Data records
+++

(* Let $P_1,\dots,P_m$ be Hermitian $n$-qubit Pauli operators and $U_1,\dots,U_{m+1}$ be $n$-qubit Clifford unitaries such that, with $E_\beta=U_{m+1}\frac{I+\beta_mP_m}{2}U_m\cdots U_2\frac{I+\beta_1P_1}{2}U_1$ for $\beta\in\{-1,1\}^m$, one has $E_\beta^2=E_\beta$ for all $\beta$ and $\sum_\beta E_\beta^\dagger E_\beta=I$; let $\hat P_1,\dots,\hat P_m$ be pairwise commuting Hermitian Pauli operators with $E_\beta=\prod_{i=1}^m\frac{I+\beta_i\hat P_i}{2}$ for all $\beta$ (these exist). Then for every $\beta\in\{-1,1\}^m$ and all Pauli operators $Q_1,\dots,Q_{2m+1}$, the operator $$E'=Q_{2m+1}U_{m+1}Q_{2m}\frac{I+\beta_mP_m}{2}Q_{2m-1}U_m\cdots Q_3U_2Q_2\frac{I+\beta_1P_1}{2}Q_1U_1$$ satisfies $$E'=Q\cdot\frac{I+(-1)^{\gamma_1}\hat P_1}{2}\cdots\frac{I+(-1)^{\gamma_m}\hat P_m}{2}$$ for some Pauli operator $Q$ and some $\gamma\in\{0,1\}^m$.
   Context: An $n$-qubit Pauli operator is $c\,\sigma_1\otimes\cdots\otimes\sigma_n$ with $c\in\{\pm1,\pm i\}$ and $\sigma_j\in\{I,X,Y,Z\}$; it is Hermitian iff $c\in\{\pm1\}$. A unitary $U$ is Clifford if $UPU^\dagger$ is a Pauli operator for every Pauli operator $P$. (In the paper, $E'$ is the Kraus operator of an execution path of a loop body in which Pauli faults $Q_j$ are inserted.) *)

theory Defs
  imports "Jordan_Normal_Form.Schur_Decomposition"
begin

datatype pauli1 = PI | PX | PY | PZ

definition pauli1_mat :: "pauli1 \<Rightarrow> complex mat" where
  "pauli1_mat s = (case s of
      PI \<Rightarrow> mat_of_rows_list 2 [[1, 0], [0, 1]]
    | PX \<Rightarrow> mat_of_rows_list 2 [[0, 1], [1, 0]]
    | PY \<Rightarrow> mat_of_rows_list 2 [[0, -\<i>], [\<i>, 0]]
    | PZ \<Rightarrow> mat_of_rows_list 2 [[1, 0], [0, -1]])"

definition kron :: "complex mat \<Rightarrow> complex mat \<Rightarrow> complex mat" where
  "kron A B = mat (dim_row A * dim_row B) (dim_col A * dim_col B)
     (\<lambda>(i, j). A $$ (i div dim_row B, j div dim_col B) * B $$ (i mod dim_row B, j mod dim_col B))"

fun kron_list :: "pauli1 list \<Rightarrow> complex mat" where
  "kron_list [] = 1\<^sub>m 1"
| "kron_list (s # ss) = kron (pauli1_mat s) (kron_list ss)"

definition pauli_op :: "nat \<Rightarrow> complex mat \<Rightarrow> bool" where
  "pauli_op n P \<longleftrightarrow> (\<exists>c ss. c \<in> {1, -1, \<i>, -\<i>} \<and> length ss = n \<and> P = c \<cdot>\<^sub>m kron_list ss)"

definition herm_pauli_op :: "nat \<Rightarrow> complex mat \<Rightarrow> bool" where
  "herm_pauli_op n P \<longleftrightarrow> (\<exists>c ss. c \<in> {1, -1} \<and> length ss = n \<and> P = c \<cdot>\<^sub>m kron_list ss)"

definition unitary_mat :: "nat \<Rightarrow> complex mat \<Rightarrow> bool" where
  "unitary_mat N U \<longleftrightarrow> U \<in> carrier_mat N N \<and> U * mat_adjoint U = 1\<^sub>m N \<and> mat_adjoint U * U = 1\<^sub>m N"

definition clifford :: "nat \<Rightarrow> complex mat \<Rightarrow> bool" where
  "clifford n U \<longleftrightarrow> unitary_mat (2 ^ n) U \<and>
     (\<forall>P. pauli_op n P \<longrightarrow> pauli_op n (U * P * mat_adjoint U))"

definition proj :: "nat \<Rightarrow> complex \<Rightarrow> complex mat \<Rightarrow> complex mat" where
  "proj N b P = (1 / 2 :: complex) \<cdot>\<^sub>m (1\<^sub>m N + b \<cdot>\<^sub>m P)"

definition sign_vecs :: "nat \<Rightarrow> (nat \<Rightarrow> int) set" where
  "sign_vecs m = {\<beta>. (\<forall>i \<in> {1..m}. \<beta> i \<in> {-1, 1}) \<and> (\<forall>i. i \<notin> {1..m} \<longrightarrow> \<beta> i = 1)}"

text \<open>E_k = U_(k+1) (I+beta_k P_k)/2 U_k ... U_2 (I+beta_1 P_1)/2 U_1; E_beta = Epath N U P beta m.\<close>
fun Epath :: "nat \<Rightarrow> (nat \<Rightarrow> complex mat) \<Rightarrow> (nat \<Rightarrow> complex mat) \<Rightarrow> (nat \<Rightarrow> int) \<Rightarrow> nat \<Rightarrow> complex mat" where
  "Epath N U P \<beta> 0 = U 1"
| "Epath N U P \<beta> (Suc k) = U (k + 2) * proj N (of_int (\<beta> (Suc k))) (P (Suc k)) * Epath N U P \<beta> k"

text \<open>Faulty path: F_0 = Q_1 U_1,
  F_(k+1) = Q_(2k+3) U_(k+2) Q_(2k+2) (I+beta_(k+1) P_(k+1))/2 F_k; so
  F_m = Q_(2m+1) U_(m+1) Q_(2m) (I+beta_m P_m)/2 Q_(2m-1) U_m ... Q_2 (I+beta_1 P_1)/2 Q_1 U_1.\<close>
fun Efault :: "nat \<Rightarrow> (nat \<Rightarrow> complex mat) \<Rightarrow> (nat \<Rightarrow> complex mat) \<Rightarrow> (nat \<Rightarrow> complex mat) \<Rightarrow> (nat \<Rightarrow> int) \<Rightarrow> nat \<Rightarrow> complex mat" where
  "Efault N U P Q \<beta> 0 = Q 1 * U 1"
| "Efault N U P Q \<beta> (Suc k) =
     Q (2 * k + 3) * U (k + 2) * Q (2 * k + 2) * proj N (of_int (\<beta> (Suc k))) (P (Suc k)) * Efault N U P Q \<beta> k"

fun proj_prod :: "nat \<Rightarrow> (nat \<Rightarrow> complex) \<Rightarrow> (nat \<Rightarrow> complex mat) \<Rightarrow> nat \<Rightarrow> complex mat" where
  "proj_prod N c Ph 0 = 1\<^sub>m N"
| "proj_prod N c Ph (Suc k) = proj_prod N c Ph k * proj N (c (Suc k)) (Ph (Suc k))"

+++

_EXERCISE DESCRIPTION_. Output the entries exactly. Leave nothing out.

_WRITTEN SOLUTION_.
(* Let $P_1,\dots,P_m$ be Hermitian $n$-qubit Pauli operators and $U_1,\dots,U_{m+1}$ be $n$-qubit Clifford unitaries such that, with $E_\beta=U_{m+1}\frac{I+\beta_mP_m}{2}U_m\cdots U_2\frac{I+\beta_1P_1}{2}U_1$ for $\beta\in\{-1,1\}^m$, one has $E_\beta^2=E_\beta$ for all $\beta$ and $\sum_\beta E_\beta^\dagger E_\beta=I$; let $\hat P_1,\dots,\hat P_m$ be pairwise commuting Hermitian Pauli operators with $E_\beta=\prod_{i=1}^m\frac{I+\beta_i\hat P_i}{2}$ for all $\beta$ (these exist). Then for every $\beta\in\{-1,1\}^m$ and all Pauli operators $Q_1,\dots,Q_{2m+1}$, the operator $$E'=Q_{2m+1}U_{m+1}Q_{2m}\frac{I+\beta_mP_m}{2}Q_{2m-1}U_m\cdots Q_3U_2Q_2\frac{I+\beta_1P_1}{2}Q_1U_1$$ satisfies $$E'=Q\cdot\frac{I+(-1)^{\gamma_1}\hat P_1}{2}\cdots\frac{I+(-1)^{\gamma_m}\hat P_m}{2}$$ for some Pauli operator $Q$ and some $\gamma\in\{0,1\}^m$.
   Context: An $n$-qubit Pauli operator is $c\,\sigma_1\otimes\cdots\otimes\sigma_n$ with $c\in\{\pm1,\pm i\}$ and $\sigma_j\in\{I,X,Y,Z\}$; it is Hermitian iff $c\in\{\pm1\}$. A unitary $U$ is Clifford if $UPU^\dagger$ is a Pauli operator for every Pauli operator $P$. (In the paper, $E'$ is the Kraus operator of an execution path of a loop body in which Pauli faults $Q_j$ are inserted.) *)

theory Defs
  imports "Jordan_Normal_Form.Schur_Decomposition"
begin

datatype pauli1 = PI | PX | PY | PZ

definition pauli1_mat :: "pauli1 \<Rightarrow> complex mat" where
  "pauli1_mat s = (case s of
      PI \<Rightarrow> mat_of_rows_list 2 [[1, 0], [0, 1]]
    | PX \<Rightarrow> mat_of_rows_list 2 [[0, 1], [1, 0]]
    | PY \<Rightarrow> mat_of_rows_list 2 [[0, -\<i>], [\<i>, 0]]
    | PZ \<Rightarrow> mat_of_rows_list 2 [[1, 0], [0, -1]])"

definition kron :: "complex mat \<Rightarrow> complex mat \<Rightarrow> complex mat" where
  "kron A B = mat (dim_row A * dim_row B) (dim_col A * dim_col B)
     (\<lambda>(i, j). A $$ (i div dim_row B, j div dim_col B) * B $$ (i mod dim_row B, j mod dim_col B))"

fun kron_list :: "pauli1 list \<Rightarrow> complex mat" where
  "kron_list [] = 1\<^sub>m 1"
| "kron_list (s # ss) = kron (pauli1_mat s) (kron_list ss)"

definition pauli_op :: "nat \<Rightarrow> complex mat \<Rightarrow> bool" where
  "pauli_op n P \<longleftrightarrow> (\<exists>c ss. c \<in> {1, -1, \<i>, -\<i>} \<and> length ss = n \<and> P = c \<cdot>\<^sub>m kron_list ss)"

definition herm_pauli_op :: "nat \<Rightarrow> complex mat \<Rightarrow> bool" where
  "herm_pauli_op n P \<longleftrightarrow> (\<exists>c ss. c \<in> {1, -1} \<and> length ss = n \<and> P = c \<cdot>\<^sub>m kron_list ss)"

definition unitary_mat :: "nat \<Rightarrow> complex mat \<Rightarrow> bool" where
  "unitary_mat N U \<longleftrightarrow> U \<in> carrier_mat N N \<and> U * mat_adjoint U = 1\<^sub>m N \<and> mat_adjoint U * U = 1\<^sub>m N"

definition clifford :: "nat \<Rightarrow> complex mat \<Rightarrow> bool" where
  "clifford n U \<longleftrightarrow> unitary_mat (2 ^ n) U \<and>
     (\<forall>P. pauli_op n P \<longrightarrow> pauli_op n (U * P * mat_adjoint U))"

definition proj :: "nat \<Rightarrow> complex \<Rightarrow> complex mat \<Rightarrow> complex mat" where
  "proj N b P = (1 / 2 :: complex) \<cdot>\<^sub>m (1\<^sub>m N + b \<cdot>\<^sub>m P)"

definition sign_vecs :: "nat \<Rightarrow> (nat \<Rightarrow> int) set" where
  "sign_vecs m = {\<beta>. (\<forall>i \<in> {1..m}. \<beta> i \<in> {-1, 1}) \<and> (\<forall>i. i \<notin> {1..m} \<longrightarrow> \<beta> i = 1)}"

text \<open>E_k = U_(k+1) (I+beta_k P_k)/2 U_k ... U_2 (I+beta_1 P_1)/2 U_1; E_beta = Epath N U P beta m.\<close>
fun Epath :: "nat \<Rightarrow> (nat \<Rightarrow> complex mat) \<Rightarrow> (nat \<Rightarrow> complex mat) \<Rightarrow> (nat \<Rightarrow> int) \<Rightarrow> nat \<Rightarrow> complex mat" where
  "Epath N U P \<beta> 0 = U 1"
| "Epath N U P \<beta> (Suc k) = U (k + 2) * proj N (of_int (\<beta> (Suc k))) (P (Suc k)) * Epath N U P \<beta> k"

text \<open>Faulty path: F_0 = Q_1 U_1,
  F_(k+1) = Q_(2k+3) U_(k+2) Q_(2k+2) (I+beta_(k+1) P_(k+1))/2 F_k; so
  F_m = Q_(2m+1) U_(m+1) Q_(2m) (I+beta_m P_m)/2 Q_(2m-1) U_m ... Q_2 (I+beta_1 P_1)/2 Q_1 U_1.\<close>
fun Efault :: "nat \<Rightarrow> (nat \<Rightarrow> complex mat) \<Rightarrow> (nat \<Rightarrow> complex mat) \<Rightarrow> (nat \<Rightarrow> complex mat) \<Rightarrow> (nat \<Rightarrow> int) \<Rightarrow> nat \<Rightarrow> complex mat" where
  "Efault N U P Q \<beta> 0 = Q 1 * U 1"
| "Efault N U P Q \<beta> (Suc k) =
     Q (2 * k + 3) * U (k + 2) * Q (2 * k + 2) * proj N (of_int (\<beta> (Suc k))) (P (Suc k)) * Efault N U P Q \<beta> k"

fun proj_prod :: "nat \<Rightarrow> (nat \<Rightarrow> complex) \<Rightarrow> (nat \<Rightarrow> complex mat) \<Rightarrow> nat \<Rightarrow> complex mat" where
  "proj_prod N c Ph 0 = 1\<^sub>m N"
| "proj_prod N c Ph (Suc k) = proj_prod N c Ph k * proj N (c (Suc k)) (Ph (Suc k))"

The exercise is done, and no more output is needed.